We present a Mathematica package, QSWalk, to simulate the time evaluation of Quantum Stochastic Walks (QSWs) on arbitrary directed and weighted graphs. QSWs are a generalization of continuous time quantum walks that incorporate both coherent and incoherent dynamics and as such, include both quantum walks and classical random walks as special cases. The incoherent component allows for quantum walks along directed graph edges. The dynamics of QSWs are expressed using the Lindblad formalism, originally developed for open quantum systems, which frames the problem in the language of density matrices. For a QSW on a graph of N vertices, we have a sparse superoperator in an N 2 -dimensional space, which can be solved efficiently using the built-in MatrixExp function in Mathematica. We illustrate the use of the QSWalk package through several example case studies.
Nature of problem:The QSWalk package provides a method for simulating quantum stochastic walks on arbitrary (directed/undirected, weighted/unweighted) graphs.

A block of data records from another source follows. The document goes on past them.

(* Let $d\ge2$ and assume that for all finite families $\mathcal{G}\subseteq\binom{\mathbb{N}}{d-1}$ one has $\mathrm{Inc}(\mathcal{C}(\mathcal{G}))\subseteq\mathcal{C}(\mathrm{Inc}(\mathcal{G}))$. Then: (i) for all $k\in\mathbb{N}$ and all finite families $\mathcal{G}\subseteq\binom{\mathbb{N}_{>k}}{d-1}$ one has $\mathrm{Inc}(\mathcal{C}_{>k}(\mathcal{G}))\subseteq\mathcal{C}_{>k}(\mathrm{Inc}(\mathcal{G}))$; (ii) for all finite families $\mathcal{F}\subseteq\binom{\mathbb{N}}{d}$ one has $\mathrm{Inc}(\mathcal{C}^{(l)}(\mathcal{F}))\subseteq\mathcal{C}^{(l)}(\mathrm{Inc}(\mathcal{F}))$ and $\mathrm{Inc}(\mathcal{C}^{(r)}(\mathcal{F}))\subseteq\mathcal{C}^{(r)}(\mathrm{Inc}(\mathcal{F}))$.
   Context: $\mathbb{N}=\{1,2,3,\dots\}$, $\mathbb{N}_{>k}=\{k+1,k+2,\dots\}$. $\binom{S}{d}$ is the set of $d$-element subsets of $S$; elements are written $\mathbf{u}=(u_1,\ldots,u_d)$ with $u_1<\cdots<u_d$, and $(k,\widehat{\mathbf{u}})$ denotes $\{k\}\cup\widehat{\mathbf{u}}$ (with $k<\min\widehat{\mathbf u}$), $(\widehat{\mathbf{u}},k)$ denotes $\widehat{\mathbf{u}}\cup\{k\}$ (with $\max\widehat{\mathbf u}<k$). Squashed order: $\mathbf{u}<\mathbf{v}$ iff the largest element of the symmetric difference of $\mathbf{u},\mathbf{v}$ belongs to $\mathbf{v}$. For finite $\mathcal{G}\subseteq\binom{\mathbb{N}}{e}$, $\mathcal{C}(\mathcal{G})$ is the set of the $|\mathcal{G}|$ smallest elements of $\binom{\mathbb{N}}{e}$; for finite $\mathcal{G}\subseteq\binom{\mathbb{N}_{>k}}{e}$, $\mathcal{C}_{>k}(\mathcal{G})$ is the set of the $|\mathcal{G}|$ smallest elements of $\binom{\mathbb{N}_{>k}}{e}$. $\mathrm{Inc}_1$ is the set of maps $\pi\colon\mathbb{N}\to\mathbb{N}$ with $\pi(j)<\pi(j+1)$ and $\pi(j)\le j+1$ for all $j$, acting by $\pi(\mathbf{u})=(\pi(u_1),\ldots,\pi(u_e))$; $\mathrm{Inc}(\mathcal{G})=\{\pi(\mathbf{u})\mid\mathbf{u}\in\mathcal{G},\pi\in\mathrm{Inc}_1\}$. For $\mathcal{F}\subseteq\binom{\mathbb{N}}{d}$ and $k\ge1$: $\widehat{\mathcal{F}}_{1,k}=\{\widehat{\mathbf{u}}\mid (k,\widehat{\mathbf{u}})\in\mathcal{F}\}\subseteq\binom{\mathbb{N}_{>k}}{d-1}$, $\widehat{\mathcal{F}}_{d,k}=\{\widehat{\mathbf{u}}\mid(\widehat{\mathbf{u}},k)\in\mathcal{F}\}$. Left partial compression: $\mathcal{C}^{(l)}(\mathcal{F})=\bigcup_{k\ge1}\{(k,\widehat{\mathbf{u}})\mid\widehat{\mathbf{u}}\in\mathcal{C}_{>k}(\widehat{\mathcal{F}}_{1,k})\}$; right partial compression: $\mathcal{C}^{(r)}(\mathcal{F})=\bigcup_{k\ge1}\{(\widehat{\mathbf{u}},k)\mid\widehat{\mathbf{u}}\in\mathcal{C}(\widehat{\mathcal{F}}_{d,k})\}$. *)

theory Defs
  imports Main
begin

text \<open>Positive integers are modelled as nat values > 0, so the paper's N is {0<..}
  and N_{>k} is {k<..}.\<close>

definition binom :: "nat set \<Rightarrow> nat \<Rightarrow> nat set set" where
  "binom S e = {u. u \<subseteq> S \<and> finite u \<and> card u = e}"

definition sq_less :: "nat set \<Rightarrow> nat set \<Rightarrow> bool" where
  "sq_less u v \<longleftrightarrow> u \<noteq> v \<and> Max ((u - v) \<union> (v - u)) \<in> v"

text \<open>The |G| smallest elements of binom N_{>k} e in squashed order: those elements
  having fewer than |G| predecessors.\<close>
definition comp_gt :: "nat \<Rightarrow> nat \<Rightarrow> nat set set \<Rightarrow> nat set set" where
  "comp_gt k e G = {u \<in> binom {k<..} e.
      card {v \<in> binom {k<..} e. sq_less v u} < card G}"

definition comp :: "nat \<Rightarrow> nat set set \<Rightarrow> nat set set" where
  "comp e G = comp_gt 0 e G"

definition Inc1 :: "(nat \<Rightarrow> nat) set" where
  "Inc1 = {\<pi>. \<forall>j\<ge>1. 1 \<le> \<pi> j \<and> \<pi> j < \<pi> (Suc j) \<and> \<pi> j \<le> j + 1}"

definition Inc :: "nat set set \<Rightarrow> nat set set" where
  "Inc G = {\<pi> ` u | u \<pi>. u \<in> G \<and> \<pi> \<in> Inc1}"

definition hat_first :: "nat set set \<Rightarrow> nat \<Rightarrow> nat set set" where
  "hat_first F k = {w. (\<forall>x\<in>w. k < x) \<and> insert k w \<in> F}"

definition hat_last :: "nat set set \<Rightarrow> nat \<Rightarrow> nat set set" where
  "hat_last F k = {w. (\<forall>x\<in>w. x < k) \<and> insert k w \<in> F}"

definition comp_left :: "nat \<Rightarrow> nat set set \<Rightarrow> nat set set" where
  "comp_left d F = (\<Union>k\<in>{1..}. {insert k w | w. w \<in> comp_gt k (d - 1) (hat_first F k)})"

definition comp_right :: "nat \<Rightarrow> nat set set \<Rightarrow> nat set set" where
  "comp_right d F = (\<Union>k\<in>{1..}. {insert k w | w. w \<in> comp (d - 1) (hat_last F k)})"

end

theory Submission imports Defs begin

text \<open>On a finite set of positive integers every \<open>\<pi> \<in> Inc1\<close> acts as a map \<open>skip m\<close>, which fixes
  the integers below \<open>m\<close> and shifts the others up by one; so \<open>Inc G\<close> is the family of all
  \<open>skip m ` u\<close> with \<open>u \<in> G\<close>. The position of a set in squashed order only counts smaller sets,
  and it is invariant under monotone injections, in particular under the translation of
  \<open>{k<..}\<close> onto \<open>{0<..}\<close>. Since this translation commutes with skip maps, (i) is the hypothesis in
  disguise.

  For (ii) write a set as \<open>(k, w)\<close>, resp. \<open>(w, k)\<close>. A skip map either fixes \<open>k\<close> or moves it
  to \<open>k + 1\<close>. Left compression: if \<open>k\<close> is fixed, (i) applies to the fibre over \<open>k\<close>; otherwise
  the whole set is translated by one, which keeps its position in squashed order. Right
  compression: if \<open>k\<close> is fixed, so is \<open>w\<close>, because a squashed initial segment of a family of
  sets below \<open>k\<close> again consists of sets below \<open>k\<close>; otherwise the hypothesis applies to the
  fibre over \<open>k\<close>. In every case the new fibre contains the image of the old one.\<close>

definition skip :: "nat \<Rightarrow> nat \<Rightarrow> nat" where
  "skip m j = (if j < m then j else Suc j)"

Solution method:For an N -vertex graph, the solution of a quantum stochastic walk can be expressed as an N 2 ×N 2 sparse matrix exponential. The QSWalk package makes use of Mathematica's sparse linear algebra routines to solve this efficiently.
Restrictions:The size of graphs that can be treated is constrained by available memory.
Running time:Running time depends on the size of the graph and the propagation time of the walk.